• Task to complete:
Once the line with "linear_scale[OF K] Kop_involution" is found in the entries below, repeat it and each following line exactly, up to and including the line with "(perp_in_wplus m J". Add no other lines.

**** Data to process ****

lemma J_anticommute: "i \<in> {1..m} \<Longrightarrow> j \<in> {1..m} \<Longrightarrow> i \<noteq> j \<Longrightarrow> J i (J j x) = - J j (J i x)"
  using cm unfolding clifford_module_def by blast

lemma J_skew: "i \<in> {1..m} \<Longrightarrow> inner (J i x) y = - inner x (J i y)"
  using cm by (simp add: clifford_module_def)

lemma J_inner: "i \<in> {1..m} \<Longrightarrow> inner (J i x) (J i y) = inner x y"
  using J_skew[of i x "J i y"] J_square[of i y] by simp

lemma J_inj: "i \<in> {1..m} \<Longrightarrow> inj (J i)"
  by (metis J_square injI minus_equation_iff)

lemma Kop_linear: "k \<le> m \<Longrightarrow> linear (Kop J k)"
proof (induction k)
  case 0
  then show ?case by (simp add: linear_iff)
next
  case (Suc k)
  then have "linear (Kop J k \<circ> J (Suc k))"
    by (intro linear_compose J_linear) auto
  then show ?case by (simp only: Kop.simps)
qed

lemma Kop_inner: "k \<le> m \<Longrightarrow> inner (Kop J k x) (Kop J k y) = inner x y"
  by (induction k arbitrary: x y) (simp_all add: J_inner)

lemma J_Kop_commute:
  assumes "k \<le> m" "i \<in> {1..m}"
  shows "J i (Kop J k x) = (-1) ^ (if i \<le> k then k - 1 else k) *\<^sub>R Kop J k (J i x)"
  using assms
proof (induction k arbitrary: x)
  case 0
  then show ?case by simp
next
  case (Suc k)
  let ?s = "(-1::real) ^ (if i \<le> k then k - 1 else k)"
  have IH: "J i (Kop J k y) = ?s *\<^sub>R Kop J k (J i y)" for y
    using Suc by simp
  show ?case
  proof (cases "i = Suc k")
    case True
    then show ?thesis using IH[of "J (Suc k) x"] by simp
  next
    case False
    have "J i (Kop J (Suc k) x) = ?s *\<^sub>R Kop J k (- J (Suc k) (J i x))"
      using IH[of "J (Suc k) x"] J_anticommute[of i "Suc k" x] Suc.prems False by simp
    also have "\<dots> = - ?s *\<^sub>R Kop J (Suc k) (J i x)"
      using linear_neg[OF Kop_linear] Suc.prems by simp
    also have "- ?s = (-1) ^ (if i \<le> Suc k then Suc k - 1 else Suc k)"
      using False Suc.prems(2) by (cases k) auto
    finally show ?thesis .
  qed
qed

lemma Kop_square: "k \<le> m \<Longrightarrow> Kop J k (Kop J k x) = (-1) ^ (k * (k + 1) div 2) *\<^sub>R x"
proof (induction k arbitrary: x)
  case 0
  then show ?case by simp
next
  case (Suc k)
  have "Kop J (Suc k) (Kop J (Suc k) x) = Kop J k ((-1) ^ k *\<^sub>R Kop J k (J (Suc k) (J (Suc k) x)))"
    using J_Kop_commute[of k "Suc k"] Suc.prems by simp
  also have "\<dots> = - ((-1) ^ k * (-1) ^ (k * (k + 1) div 2)) *\<^sub>R x"
    using Suc J_square[of "Suc k" x] linear_scale[OF Kop_linear] linear_neg[OF Kop_linear] by simp
  also have "- ((-1) ^ k * (-1) ^ (k * (k + 1) div 2)) = ((-1::real) ^ (Suc k * (Suc k + 1) div 2))"
  proof -
    have "Suc k * (Suc k + 1) div 2 = k * (k + 1) div 2 + k + 1"
      by (induction k) auto
    then show ?thesis by (simp add: power_add)
  qed
  finally show ?case .
qed

context
  assumes four_dvd_m: "4 dvd m" and m_pos: "0 < m"
begin

lemma m_in_range: "m \<in> {1..m}"
  using m_pos by simp

lemma Kop_involution: "Kop J m (Kop J m x) = x"
proof -
  obtain t where "m = 4 * t" using four_dvd_m by blast
  then have "even (m * (m + 1) div 2)" by simp
  then show ?thesis using Kop_square[of m x] by simp
qed

lemma Kop_J_anticommute: "i \<in> {1..m} \<Longrightarrow> Kop J m (J i x) = - J i (Kop J m x)"
  using J_Kop_commute[of m i x] four_dvd_m m_pos by (auto simp: even_diff_nat dvd_trans[of 2 4 m])

lemma J_wplus: "i \<in> {1..m} \<Longrightarrow> x \<in> wplus m J \<Longrightarrow> J i x \<in> wminus m J"
  by (simp add: wplus_def wminus_def Kop_J_anticommute)

lemma J_wminus: "i \<in> {1..m} \<Longrightarrow> x \<in> wminus m J \<Longrightarrow> J i x \<in> wplus m J"
  by (simp add: wplus_def wminus_def Kop_J_anticommute linear_neg[OF J_linear])

lemma wplus_wminus_orthogonal: "x \<in> wplus m J \<Longrightarrow> y \<in> wminus m J \<Longrightarrow> inner x y = 0"
  using Kop_inner[of m x y] by (simp add: wplus_def wminus_def)

lemma subspace_wplus: "subspace (wplus m J)"
  using Kop_linear[of m] by (simp add: subspace_def wplus_def linear_0 linear_add linear_scale)

lemma subspace_wminus: "subspace (wminus m J)"
  using Kop_linear[of m] by (simp add: subspace_def wminus_def linear_0 linear_add linear_scale)

lemma wplus_Int_wminus: "wplus m J \<inter> wminus m J = {0}"
proof -
  have "x = 0" if "x \<in> wplus m J" "x \<in> wminus m J" for x
    using wplus_wminus_orthogonal[OF that] by simp
  then show ?thesis
    using subspace_0[OF subspace_wplus] subspace_0[OF subspace_wminus] by blast
qed

lemma Kop_invariant_decomp:
  assumes "subspace S" "Kop J m ` S \<subseteq> S" "x \<in> S"
  obtains p q where "p \<in> S \<inter> wplus m J" "q \<in> S \<inter> wminus m J" "x = p + q"
proof
  have K: "linear (Kop J m)" and "Kop J m x \<in> S"
    using Kop_linear assms by auto
  then show "(1/2) *\<^sub>R (x + Kop J m x) \<in> S \<inter> wplus m J"
    and "(1/2) *\<^sub>R (x - Kop J m x) \<in> S \<inter> wminus m J"
    using assms by (auto simp: wplus_def wminus_def linear_add[OF K] linear_diff[OF K]
        linear_scale[OF K] Kop_involution subspace_add subspace_diff subspace_scale algebra_simps)
  show "x = (1/2) *\<^sub>R (x + Kop J m x) + (1/2) *\<^sub>R (x - Kop J m x)"
    using scaleR_add_right[of "1/2" "x + Kop J m x" "x - Kop J m x"] by (simp add: scaleR_2)
qed

lemma J_image_wplus: "J m ` wplus m J = wminus m J"
proof
  show "J m ` wplus m J \<subseteq> wminus m J"
    using J_wplus m_in_range by blast
  show "wminus m J \<subseteq> J m ` wplus m J"
  proof
    fix y assume "y \<in> wminus m J"
    then have "- J m y \<in> wplus m J" and "y = J m (- J m y)"
      using J_wminus[OF m_in_range] subspace_neg[OF subspace_wplus] J_square[OF m_in_range]
        linear_neg[OF J_linear[OF m_in_range]] by auto
    then show "y \<in> J m ` wplus m J" by blast
  qed
qed

lemma dim_J_image: "i \<in> {1..m} \<Longrightarrow> dim (J i ` S) = dim S"
  by (rule dim_image_eq[OF J_linear]) (use J_inj in \<open>auto intro: inj_on_subset\<close>)

lemma dim_wplus: "2 * dim (wplus m J) = DIM('v)"
proof -
  have "x \<in> {p + q |p q. p \<in> wplus m J \<and> q \<in> wminus m J}" for x
    by (rule Kop_invariant_decomp[of UNIV x]) auto
  then have "{p + q |p q. p \<in> wplus m J \<and> q \<in> wminus m J} = UNIV"
    by blast
  then have "DIM('v) = dim (wplus m J) + dim (wminus m J)"
    using dim_sums_Int[OF subspace_wplus subspace_wminus] wplus_Int_wminus by simp
  then show ?thesis
    using dim_J_image[OF m_in_range, of "wplus m J"] J_image_wplus by simp
qed

lemma subspace_perp_in_wplus: "subspace (perp_in_wplus m J L1)"
  by (simp add: perp_in_wplus_eq subspace_inter subspace_wplus subspace_orthogonal_comp)

lemma subspace_lag_of: "subspace L1 \<Longrightarrow> subspace (lag_of m J L1)"
  unfolding lag_of_eq_sums
  by (intro subspace_sums linear_subspace_image J_linear m_in_range subspace_perp_in_wplus)

lemma dim_lag_of:
  assumes "subspace L1" "L1 \<subseteq> wplus m J"
  shows "dim (lag_of m J L1) = dim (wplus m J)"
proof -
  let ?P = "perp_in_wplus m J L1"
  have "L1 \<inter> J m ` ?P \<subseteq> wplus m J \<inter> wminus m J"
    using assms(2) J_wplus[OF m_in_range] by (auto simp: perp_in_wplus_eq)
  then have "dim (L1 \<inter> J m ` ?P) = 0"
    by (simp add: wplus_Int_wminus)
  moreover have "subspace (J m ` ?P)"
    by (intro linear_subspace_image J_linear m_in_range subspace_perp_in_wplus)
  ultimately have "dim (lag_of m J L1) = dim L1 + dim (J m ` ?P)"
    using dim_sums_Int[OF assms(1), of "J m ` ?P"] unfolding lag_of_eq_sums by linarith
  also have "dim (J m ` ?P) = dim ?P"
    by (rule dim_J_image[OF m_in_range])
  also have "?P = {y \<in> wplus m J. \<forall>x\<in>L1. orthogonal x y}"
    by (auto simp: perp_in_wplus_eq orthogonal_comp_def)
  finally show ?thesis
    using dim_subspace_orthogonal_to_vectors[OF assms(1) subspace_wplus assms(2)] by simp
qed

lemma bracket_zero_lag_of:
  assumes "cplus_submodule_of_wplus m J L1"
  shows "bracket_zero m J (lag_of m J L1)"
  unfolding bracket_zero_def
proof (intro ballI)
  fix u v i
  assume "u \<in> lag_of m J L1" "v \<in> lag_of m J L1" and i: "i \<in> {1..m}"
  then obtain a b a' b' where u: "u = a + J m b" and v: "v = a' + J m b'"
    and a: "a \<in> L1" "a' \<in> L1" and b: "b \<in> perp_in_wplus m J L1" "b' \<in> perp_in_wplus m J L1"
    by (auto simp: lag_of_def)
  have L1: "L1 \<subseteq> wplus m J" "\<And>i j x. i \<in> {1..m} \<Longrightarrow> j \<in> {1..m} \<Longrightarrow> x \<in> L1 \<Longrightarrow> J i (J j x) \<in> L1"
    using assms by (auto simp: cplus_submodule_of_wplus_def)
  have perp: "inner c x = 0" if "c \<in> perp_in_wplus m J L1" "x \<in> L1" for c x
    using that by (simp add: perp_in_wplus_def)
  have "inner (J i a) a' = 0"
    using wplus_wminus_orthogonal[of a' "J i a"] J_wplus[OF i] a L1(1) by (auto simp: inner_commute)
  moreover have "inner (J i a) (J m b') = 0"
    using J_skew[OF m_in_range, of "J i a" b'] perp[OF b(2) L1(2)[OF m_in_range i a(1)]]
    by (simp add: inner_commute)
  moreover have "inner (J i (J m b)) a' = 0"
    using J_skew[OF i, of "J m b" a'] J_skew[OF m_in_range, of b "J i a'"]
      perp[OF b(1) L1(2)[OF m_in_range i a(2)]] by simp
  moreover have "inner (J i (J m b)) (J m b') = 0"
    using b J_wplus[OF m_in_range] J_wminus[OF i] J_wplus[OF m_in_range]
    by (intro wplus_wminus_orthogonal) (auto simp: perp_in_wplus_eq)
  ultimately show "inner (J i u) v = 0"
    using linear_add[OF J_linear[OF i]] by (simp add: u v inner_add_left inner_add_right)
qed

****

• Result:
        linear_scale[OF K] Kop_involution subspace_add subspace_diff subspace_scale algebra_simps)
  show "x = (1/2) *\<^sub>R (x + Kop J m x) + (1/2) *\<^sub>R (x - Kop J m x)"
    using scaleR_add_right[of "1/2" "x + Kop J m x" "x - Kop J m x"] by (simp add: scaleR_2)
qed

lemma J_image_wplus: "J m ` wplus m J = wminus m J"
proof
  show "J m ` wplus m J \<subseteq> wminus m J"
    using J_wplus m_in_range by blast
  show "wminus m J \<subseteq> J m ` wplus m J"
  proof
    fix y assume "y \<in> wminus m J"
    then have "- J m y \<in> wplus m J" and "y = J m (- J m y)"
      using J_wminus[OF m_in_range] subspace_neg[OF subspace_wplus] J_square[OF m_in_range]
        linear_neg[OF J_linear[OF m_in_range]] by auto
    then show "y \<in> J m ` wplus m J" by blast
  qed
qed

lemma dim_J_image: "i \<in> {1..m} \<Longrightarrow> dim (J i ` S) = dim S"
  by (rule dim_image_eq[OF J_linear]) (use J_inj in \<open>auto intro: inj_on_subset\<close>)

lemma dim_wplus: "2 * dim (wplus m J) = DIM('v)"
proof -
  have "x \<in> {p + q |p q. p \<in> wplus m J \<and> q \<in> wminus m J}" for x
    by (rule Kop_invariant_decomp[of UNIV x]) auto
  then have "{p + q |p q. p \<in> wplus m J \<and> q \<in> wminus m J} = UNIV"
    by blast
  then have "DIM('v) = dim (wplus m J) + dim (wminus m J)"
    using dim_sums_Int[OF subspace_wplus subspace_wminus] wplus_Int_wminus by simp
  then show ?thesis
    using dim_J_image[OF m_in_range, of "wplus m J"] J_image_wplus by simp
qed

lemma subspace_perp_in_wplus: "subspace (perp_in_wplus m J L1)"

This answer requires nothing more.